The biblical writers believed in a flat earth. It was the stationary foundation of their world view. Under the flat earth was Sheol, the place of the dead. The sky was the domed firmament that held back water. Above it all was heaven.
This sounds so, well, ancient. Good science at the time, but bad now. There’s incontrovertible proof that the earth is round, it orbits the sun, which itself is whirling through a galaxy in an inconceivably huge universe.
No one believes in a flat earth any more…but wait!
CNN recently ran an article titled, “The Flat-Earth Conspiracy Theory Is Spreading Around the Globe.” It notes that a number of people do indeed hold to this world view. They gather in meetings across the flat world, where speakers talk on such things as “Space Is Fake” and “Testing the Moon: A Globe Lie Perspective.”
Why would some, in today’s uber-scientific-driven world, choose to believe such fantasy? It’s because conspiracy theories are so alluring. There’s a “ruling elite” behind it all, keeping us in the dark for their nefarious reasons.
If you know this secret knowledge, then you know the truth, a liberating feeling similar to the plot of The Matrix. One psychologist quoted in the article explained that such “people want to feel safe and secure in the world.” Focusing on conspiracy theories, and gathering with like-minded conspiracy believers, enables that. (Rob Brotherton’s book, Suspicious Minds: Why We Believe Conspiracy Theories, is a great resource for digging further into this psychological phenomenon.)
A flat earth Bible?
I don’t know many, other than rabid fundamentalists, some of whom I’m sure go to the flat earth conferences, who take the biblical world view literally anymore. For those who do, science is a scheme of Satan to hide God’s truth, wrapped up in the Bible, from us.
We don’t believe the biblical view of the world because we’ve used our minds. We reject other archaic vestiges, such as literal seven days of creation, or that male angels once mated with human women to produce a race of giants.
Yet, there are other things in the Bible that are archaic from a cultural perspective. Can we discount them like we should the hard-science things that are obviously outdated?
There are multiple things that antiquated, if not downright barbaric, in Scripture. Women are treated as property, they should be subservient, and they should keep quiet at proper times. Children must be disciplined, kept rigidly in line, and, in cases of persistent disobedience, even killed. Homosexuals shouldn’t be disciplined, just executed. And on the list goes.

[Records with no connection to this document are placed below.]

(* For every integer $n\ge 1$, let $M_F(n)$ denote the maximum modulus of an independence root over all forests on $n$ vertices. Then $$M_F(n)\le \begin{cases} 2^{\frac{n-1}{2}}+\frac{n-1}{2} & \text{if } n \text{ is odd},\\ 2^{\frac{n-2}{2}}+\frac{n}{2} & \text{if } n \text{ is even}.\end{cases}$$
   Context: For a finite simple graph $G$, the independence polynomial is $i(G,x)=\sum_{k=0}^{\alpha(G)} i_k x^k$, where $i_k$ is the number of independent sets of size $k$ in $G$ (with $i_0=1$) and $\alpha(G)$ is the independence number. Its complex roots are the independence roots of $G$. A forest is an acyclic graph. *)

theory Defs
  imports "HOL-Analysis.Analysis" "HOL-Computational_Algebra.Polynomial"
begin

definition simple_graph :: "'a set \<Rightarrow> ('a \<Rightarrow> 'a \<Rightarrow> bool) \<Rightarrow> bool" where
  "simple_graph V E \<longleftrightarrow> finite V \<and> (\<forall>u v. E u v \<longrightarrow> u \<in> V \<and> v \<in> V)
     \<and> (\<forall>u v. E u v \<longrightarrow> E v u) \<and> (\<forall>v. \<not> E v v)"

definition is_cycle :: "'a set \<Rightarrow> ('a \<Rightarrow> 'a \<Rightarrow> bool) \<Rightarrow> 'a list \<Rightarrow> bool" where
  "is_cycle V E cs \<longleftrightarrow> length cs \<ge> 3 \<and> distinct cs \<and> set cs \<subseteq> V
     \<and> (\<forall>i. Suc i < length cs \<longrightarrow> E (cs ! i) (cs ! Suc i))
     \<and> E (last cs) (hd cs)"

definition forest :: "'a set \<Rightarrow> ('a \<Rightarrow> 'a \<Rightarrow> bool) \<Rightarrow> bool" where
  "forest V E \<longleftrightarrow> simple_graph V E \<and> (\<nexists>cs. is_cycle V E cs)"

definition independent_set :: "'a set \<Rightarrow> ('a \<Rightarrow> 'a \<Rightarrow> bool) \<Rightarrow> 'a set \<Rightarrow> bool" where
  "independent_set V E S \<longleftrightarrow> S \<subseteq> V \<and> (\<forall>u\<in>S. \<forall>v\<in>S. \<not> E u v)"

definition indep_count :: "'a set \<Rightarrow> ('a \<Rightarrow> 'a \<Rightarrow> bool) \<Rightarrow> nat \<Rightarrow> nat" where
  "indep_count V E k = card {S. independent_set V E S \<and> card S = k}"

text \<open>Independence polynomial i(G,x) = sum_k i_k x^k (complex coefficients);
  i_k = 0 for k > card V, so summing up to card V covers up to alpha(G).\<close>

definition indep_poly :: "'a set \<Rightarrow> ('a \<Rightarrow> 'a \<Rightarrow> bool) \<Rightarrow> complex poly" where
  "indep_poly V E = (\<Sum>k\<le>card V. monom (of_nat (indep_count V E k)) k)"

end

theory Submission
  imports Defs
begin

text \<open>By the Enestrom-Kakeya theorem, the roots of a polynomial with positive coefficients
  \<open>a\<^sub>0, \<dots>, a\<^sub>d\<close> satisfying \<open>a\<^sub>k \<le> R a\<^sub>k\<^sub>+\<^sub>1\<close> lie in the disc \<open>|z| \<le> R\<close>. The coefficients
  \<open>i\<^sub>0, \<dots>, i\<^sub>\<alpha>\<close> of the independence polynomial of a forest on \<open>n\<close> vertices are positive and
  satisfy \<open>i\<^sub>k \<le> F(n) i\<^sub>k\<^sub>+\<^sub>1\<close>, with \<open>F(n)\<close> the claimed bound. This ratio bound is proved by
  induction, deleting a vertex \<open>v\<close> of degree at most one and using
  \<open>i\<^sub>k\<^sub>+\<^sub>1(G) = i\<^sub>k\<^sub>+\<^sub>1(G - v) + i\<^sub>k(G - N[v])\<close>. The ratio bounds of the smaller forests combine
  directly, except at the top coefficient when deleting \<open>v\<close> lowers the independence number; there
  the extra term is controlled by the number of maximum independent sets of a forest on \<open>m\<close>
  vertices, which is at most \<open>2 ^ (m div 2)\<close>.\<close>

subsection \<open>Counting independent sets\<close>

lemma finite_independent_sets: "finite W \<Longrightarrow> finite {S. independent_set W E S \<and> P S}"
  unfolding independent_set_def by (rule finite_subset[of _ "Pow W"]) auto

lemma indep_count_0: "finite W \<Longrightarrow> indep_count W E 0 = 1"
proof -
  assume "finite W"
  then have "{S. independent_set W E S \<and> card S = 0} = {{}}"
    unfolding independent_set_def by (auto dest: finite_subset)
  then show ?thesis by (simp add: indep_count_def)
qed

lemma indep_count_mono:
  assumes "finite W'" "W \<subseteq> W'"
  shows "indep_count W E k \<le> indep_count W' E k"
  unfolding indep_count_def
  by (rule card_mono[OF finite_independent_sets[OF assms(1)]])
     (use assms(2) in \<open>auto simp: independent_set_def\<close>)

lemma indep_count_eq_0: "finite W \<Longrightarrow> card W < k \<Longrightarrow> indep_count W E k = 0"
  unfolding indep_count_def independent_set_def by (auto dest: card_mono)

lemma indep_count_pos_Diff:
  assumes "finite W" "0 < indep_count W E (Suc k)"
  shows "0 < indep_count (W - {u}) E k"
proof -
  have "{S. independent_set W E S \<and> card S = Suc k} \<noteq> {}"
    using assms(2) unfolding indep_count_def by (metis card.empty less_irrefl)
  then obtain S where S: "independent_set W E S" "card S = Suc k"
    by blast
  have "k \<le> card (S - {u})"
    using diff_card_le_card_Diff[of "{u}" S] S(2) by simp
  then obtain T where "T \<subseteq> S - {u}" "card T = k"
    by (meson obtain_subset_with_card_n)
  then have "T \<in> {T. independent_set (W - {u}) E T \<and> card T = k}"
    using S(1) unfolding independent_set_def by blast
  then show ?thesis
    unfolding indep_count_def using finite_independent_sets[of "W - {u}"] assms(1)
    by (auto simp: card_gt_0_iff)
qed

lemma indep_count_pos_le:
  assumes "finite W" "0 < indep_count W E m" "k \<le> m"
  shows "0 < indep_count W E k"
  using assms(2,3)
proof (induction m)
  case (Suc m)
  have "0 < indep_count W E m"
    using indep_count_pos_Diff[OF assms(1) Suc.prems(1), of undefined]
      indep_count_mono[OF assms(1) Diff_subset] by (meson order_less_le_trans)
  then show ?case using Suc by (cases "k = Suc m") auto
qed simp

lemma indep_count_Suc:
  assumes sym: "\<And>x y. E x y \<Longrightarrow> E y x" and irrefl: "\<And>x. \<not> E x x"
    and "finite W" "v \<in> W"
  shows "indep_count W E (Suc k)
           = indep_count (W - {v}) E (Suc k) + indep_count (W - insert v {w. E v w}) E k"
proof -
  let ?F = "\<lambda>U j. {S. independent_set U E S \<and> card S = j}"
  have split: "?F W (Suc k) = ?F (W - {v}) (Suc k) \<union> insert v ` ?F (W - insert v {w. E v w}) k"
  proof (intro equalityI subsetI)
    fix S assume S: "S \<in> ?F W (Suc k)"
    then have "finite S" using \<open>finite W\<close> finite_subset by (auto simp: independent_set_def)
    show "S \<in> ?F (W - {v}) (Suc k) \<union> insert v ` ?F (W - insert v {w. E v w}) k"
    proof (cases "v \<in> S")
      case True
      then have "S - {v} \<in> ?F (W - insert v {w. E v w}) k" "S = insert v (S - {v})"
        using S \<open>finite S\<close> by (auto simp: independent_set_def)
      then show ?thesis by blast
    qed (use S in \<open>auto simp: independent_set_def\<close>)
  next
    fix S assume "S \<in> ?F (W - {v}) (Suc k) \<union> insert v ` ?F (W - insert v {w. E v w}) k"
    then show "S \<in> ?F W (Suc k)"
    proof
      assume "S \<in> insert v ` ?F (W - insert v {w. E v w}) k"
      then obtain T where T: "T \<in> ?F (W - insert v {w. E v w}) k" "S = insert v T" by blast
      then have "finite T" "v \<notin> T"
        using \<open>finite W\<close> finite_subset by (auto simp: independent_set_def)
      then show ?thesis
        using T \<open>v \<in> W\<close> sym irrefl by (auto simp: independent_set_def)
    qed (auto simp: independent_set_def)
  qed
  have "inj_on (insert v) (?F (W - insert v {w. E v w}) k)"
    by (rule inj_onI) (auto simp: independent_set_def dest!: insert_ident[THEN iffD1, rotated 2])
  moreover have "?F (W - {v}) (Suc k) \<inter> insert v ` ?F (W - insert v {w. E v w}) k = {}"
    by (auto simp: independent_set_def)
  ultimately show ?thesis
    unfolding indep_count_def split
    by (simp add: card_Un_disjoint card_image finite_independent_sets \<open>finite W\<close>)
qed

subsection \<open>Leaves of forests\<close>

definition is_path :: "'a set \<Rightarrow> ('a \<Rightarrow> 'a \<Rightarrow> bool) \<Rightarrow> 'a list \<Rightarrow> bool" where
  "is_path W E p \<longleftrightarrow> p \<noteq> [] \<and> distinct p \<and> set p \<subseteq> W
     \<and> (\<forall>i. Suc i < length p \<longrightarrow> E (p ! i) (p ! Suc i))"

lemma is_path_length_le: "finite W \<Longrightarrow> is_path W E p \<Longrightarrow> length p \<le> card W"
  unfolding is_path_def by (metis card_mono distinct_card)

lemma is_path_Cons:
  assumes "is_path W E p" "z \<in> W" "z \<notin> set p" "E z (hd p)"
  shows "is_path W E (z # p)"
  using assms unfolding is_path_def by (auto simp: hd_conv_nth nth_Cons split: nat.split)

The issue facing modern Christianity today is how to deal with such things. What we’ve learned and experienced over two millennia calls us to question and set some aside when it’s clear they’re culture-bound not God-bound. Already we live as if some of the restrictions don’t apply any more. Women have rights. Slavery is abolished. Divorce may be necessary at times. Racism is being confronted.
But how do you know where to draw the line between what applies and what doesn’t?

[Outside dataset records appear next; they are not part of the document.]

(* Let $(S,\mathcal{T})$ be a configuration with $|S|=k$ and $\mathcal{T}=(T_1,T_2)$, and let $V_1$ be a fixed total order on $C=\{c_1,\ldots,c_m\}$. Then the number of total orders $V_2$ on $C$ such that the election $(C,(V_1,V_2))$ avoids $(S,\mathcal{T})$ equals $S_m(\pi,\pi^{-1})$, where $\pi=p(T_1,T_2)$.
   Context: An election $(C,\mathcal{P})$ is a set $C$ of candidates with a tuple $\mathcal{P}=(V_1,\ldots,V_n)$ of total orders on $C$. A configuration $(S,\mathcal{T})$ is a finite set $S$ with a tuple $\mathcal{T}=(T_1,\ldots,T_l)$ of total orders on $S$. The election contains the configuration if there are injective maps $f:\{1,\ldots,l\}\to\{1,\ldots,n\}$ and $g:S\to C$ such that for all distinct $x,y\in S$ and all $i$, $T_i$ ranking $x$ above $y$ implies $V_{f(i)}$ ranks $g(x)$ above $g(y)$; otherwise it avoids it. For two total orders $T_1,T_2$ on the same $k$-element set, $p(T_1,T_2)$ is the $k$-permutation mapping $i$ to $j$ whenever the $i$-th highest ranked element of $T_1$ is the $j$-th highest ranked element of $T_2$. A $k$-permutation $\pi$ is contained as a pattern in an $m$-permutation $\tau$ if there is a strictly increasing $\mu:\{1,\ldots,k\}\to\{1,\ldots,m\}$ with $(\mu(\pi(1)),\ldots,\mu(\pi(k)))$ a subsequence of $(\tau(1),\ldots,\tau(m))$. $S_m(\pi_1,\ldots,\pi_l)$ denotes the number of $m$-permutations avoiding (not containing) each of the patterns $\pi_1,\ldots,\pi_l$. *)

theory Defs
  imports Main "HOL-Combinatorics.Permutations"
begin

text \<open>The pair (x,y) in R means that
x is ranked at least as high as y; for distinct x, y it means "x is ranked above y".\<close>

text \<open>Elections and configurations: the tuple of orders is a list (0-indexed).
The election (C, Ps) contains the configuration (S, Ts).\<close>
definition election_contains ::
  "'b set \<Rightarrow> ('b \<times> 'b) set list \<Rightarrow> 'a set \<Rightarrow> ('a \<times> 'a) set list \<Rightarrow> bool" where
  "election_contains C Ps S Ts \<longleftrightarrow>
     (\<exists>f g. inj_on f {..<length Ts} \<and> f ` {..<length Ts} \<subseteq> {..<length Ps} \<and>
            inj_on g S \<and> g ` S \<subseteq> C \<and>
            (\<forall>i<length Ts. \<forall>x\<in>S. \<forall>y\<in>S. x \<noteq> y \<longrightarrow> (x, y) \<in> Ts ! i \<longrightarrow>
                 (g x, g y) \<in> Ps ! (f i)))"

definition election_avoids ::
  "'b set \<Rightarrow> ('b \<times> 'b) set list \<Rightarrow> 'a set \<Rightarrow> ('a \<times> 'a) set list \<Rightarrow> bool" where
  "election_avoids C Ps S Ts \<longleftrightarrow> \<not> election_contains C Ps S Ts"

text \<open>Position (1 = highest) of x in the total order T on S.\<close>
definition rank_in :: "'a set \<Rightarrow> ('a \<times> 'a) set \<Rightarrow> 'a \<Rightarrow> nat" where
  "rank_in S T x = card {y \<in> S. (y, x) \<in> T}"

definition ith_highest :: "'a set \<Rightarrow> ('a \<times> 'a) set \<Rightarrow> nat \<Rightarrow> 'a" where
  "ith_highest S T i = (THE x. x \<in> S \<and> rank_in S T x = i)"

text \<open>p(T1,T2) as a permutation of {1..k}, k = card S (identity outside {1..k}).\<close>
definition perm_of_orders :: "'a set \<Rightarrow> ('a \<times> 'a) set \<Rightarrow> ('a \<times> 'a) set \<Rightarrow> nat \<Rightarrow> nat" where
  "perm_of_orders S T1 T2 i =
     (if i \<in> {1..card S} then rank_in S T2 (ith_highest S T1 i) else i)"

text \<open>The k-permutation pi is contained as a pattern in the m-permutation tau:
there are strictly increasing mu : {1..k} -> {1..m} and an index selection nu
(strictly increasing, witnessing the subsequence) with tau(nu j) = mu(pi j).\<close>
definition pattern_contains :: "nat \<Rightarrow> (nat \<Rightarrow> nat) \<Rightarrow> nat \<Rightarrow> (nat \<Rightarrow> nat) \<Rightarrow> bool" where
  "pattern_contains k \<pi> m \<tau> \<longleftrightarrow>
     (\<exists>\<mu> \<nu>. strict_mono_on {1..k} \<mu> \<and> \<mu> ` {1..k} \<subseteq> {1..m} \<and>
            strict_mono_on {1..k} \<nu> \<and> \<nu> ` {1..k} \<subseteq> {1..m} \<and>
            (\<forall>j\<in>{1..k}. \<tau> (\<nu> j) = \<mu> (\<pi> j)))"

definition num_avoiding :: "nat \<Rightarrow> nat \<Rightarrow> (nat \<Rightarrow> nat) list \<Rightarrow> nat" where
  "num_avoiding m k ps =
     card {\<tau>. \<tau> permutes {1..m} \<and> (\<forall>\<pi>\<in>set ps. \<not> pattern_contains k \<pi> m \<tau>)}"

end

theory Submission
  imports Defs
begin

text \<open>Ranking the elements of a finite linear order identifies it with a permutation,
and an injection of one pair of orders into another corresponds, via ranks, to an
occurrence of the pattern p(T1,T2) in p(V1,V2). With two voters the injection into the
voters may be the identity or the swap; swapping T1 and T2 inverts p(T1,T2). Finally
V2 \<mapsto> p(V1,V2) is a bijection from the linear orders on C onto the permutations of
{1..|C|}, so it maps the orders V2 avoiding the configuration onto the permutations
avoiding \<pi> and \<pi>\<inverse>.\<close>

lemma linear_order_onD:
  assumes "linear_order_on S T"
  shows "T \<subseteq> S \<times> S" "\<And>x. x \<in> S \<Longrightarrow> (x, x) \<in> T" "trans T" "antisym T"
    "\<And>x y. x \<in> S \<Longrightarrow> y \<in> S \<Longrightarrow> x \<noteq> y \<Longrightarrow> (x, y) \<in> T \<or> (y, x) \<in> T"
  using assms unfolding linear_order_on_def partial_order_on_def preorder_on_def refl_on_def total_on_def
  by auto

lemma rank_in_range:
  assumes "finite S" "linear_order_on S T" "x \<in> S"
  shows "rank_in S T x \<in> {1..card S}"
proof -
  have "x \<in> {y \<in> S. (y, x) \<in> T}" using linear_order_onD(2)[OF assms(2,3)] assms(3) by simp
  then have "card {y \<in> S. (y, x) \<in> T} \<ge> 1"
    using assms(1) by (auto simp: Suc_le_eq card_gt_0_iff)
  moreover have "card {y \<in> S. (y, x) \<in> T} \<le> card S" using assms(1) by (intro card_mono) auto
  ultimately show ?thesis unfolding rank_in_def by simp
qed

lemma rank_in_le_iff:
  assumes "finite S" "linear_order_on S T" "x \<in> S" "y \<in> S"
  shows "rank_in S T x \<le> rank_in S T y \<longleftrightarrow> (x, y) \<in> T"
proof
  assume xy: "(x, y) \<in> T"
  have "{z \<in> S. (z, x) \<in> T} \<subseteq> {z \<in> S. (z, y) \<in> T}"
    using xy linear_order_onD(3)[OF assms(2)] by (auto dest: transD)
  then show "rank_in S T x \<le> rank_in S T y"
    unfolding rank_in_def using assms(1) by (intro card_mono) auto
next
  assume le: "rank_in S T x \<le> rank_in S T y"
  show "(x, y) \<in> T"
  proof (rule ccontr)
    assume n: "(x, y) \<notin> T"
    then have "(y, x) \<in> T"
      using linear_order_onD(2,5)[OF assms(2)] assms(3,4) by blast
    then have "{z \<in> S. (z, y) \<in> T} \<subset> {z \<in> S. (z, x) \<in> T}"
      using n assms(3) linear_order_onD(2,3)[OF assms(2)] by (auto dest: transD)
    then have "rank_in S T y < rank_in S T x"
      unfolding rank_in_def using assms(1) by (intro psubset_card_mono) auto
    then show False using le by simp
  qed
qed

We need a perspective larger than our own biases
Jesus is that larger context. When he said that all the other laws flow from only two (Matthew 22:37-40), he’s saying that Scripture must be interpreted dynamically in light of them. He embodied this when he broke all sorts of laws for compassion’s sake. The early church embodied this when the leaders decided that Gentiles don’t need to become Jewish in order to be Christian.
We’re called to embody that today. There are over 31,000 verses in the Bible. How do they align themselves with Jesus’ mission and message, as we confront our culture’s challenges?
Paul said we need to seek “the mind of Christ” (Philippians 2:5). We can’t seek it alone. We need each other, differing as we will on some things, to continue the discerning process. And we need to do it in a spirit of mutual respect and, if need be, tolerance. The love Jesus tells us to show others is the love we have to show fellow Christians as we seek the Holy Spirit’s direction.
I find it troubling that there are those who say we must break apart a church or a denomination because we disagree. Some who advocate this say they’re upholding “Scriptural holiness,” as if questioning some of the ancient rules was somehow questioning biblical inspiration. Schisming from those who do question is their way of upholding biblical integrity.
Yet no one, including them and Jesus, obeys all biblical laws. To say that we won’t be in fellowship with you if you see one of the laws differently is a bit disingenuous. My fear is that non-Christians will see this and get the impression that we’re conspiracy theorists with a religious veneer: people seeking security and identity through a biblical/theological world they’ve created from their own needs and desires.
Round earth biblical people understand that we’re supposed to disagree, because we are all different. It’s Christ who holds us together. If we don’t at least try to forge respectful relationships within a Christian fellowship, we’re disobeying Jesus’ clearest commandment: “Just as I have loved you, so you also must love each other.” (John 13:34)
Christians who read Scripture through the eyes of Jesus understand that the task of the disciple is living in the round grey, not the flat black and white. And they understand that we read it with as many diverse people as we can find, just like the early church did.
To do anything less is to cling to a flat earth Bible.
Jesus tells us to read a round earth one.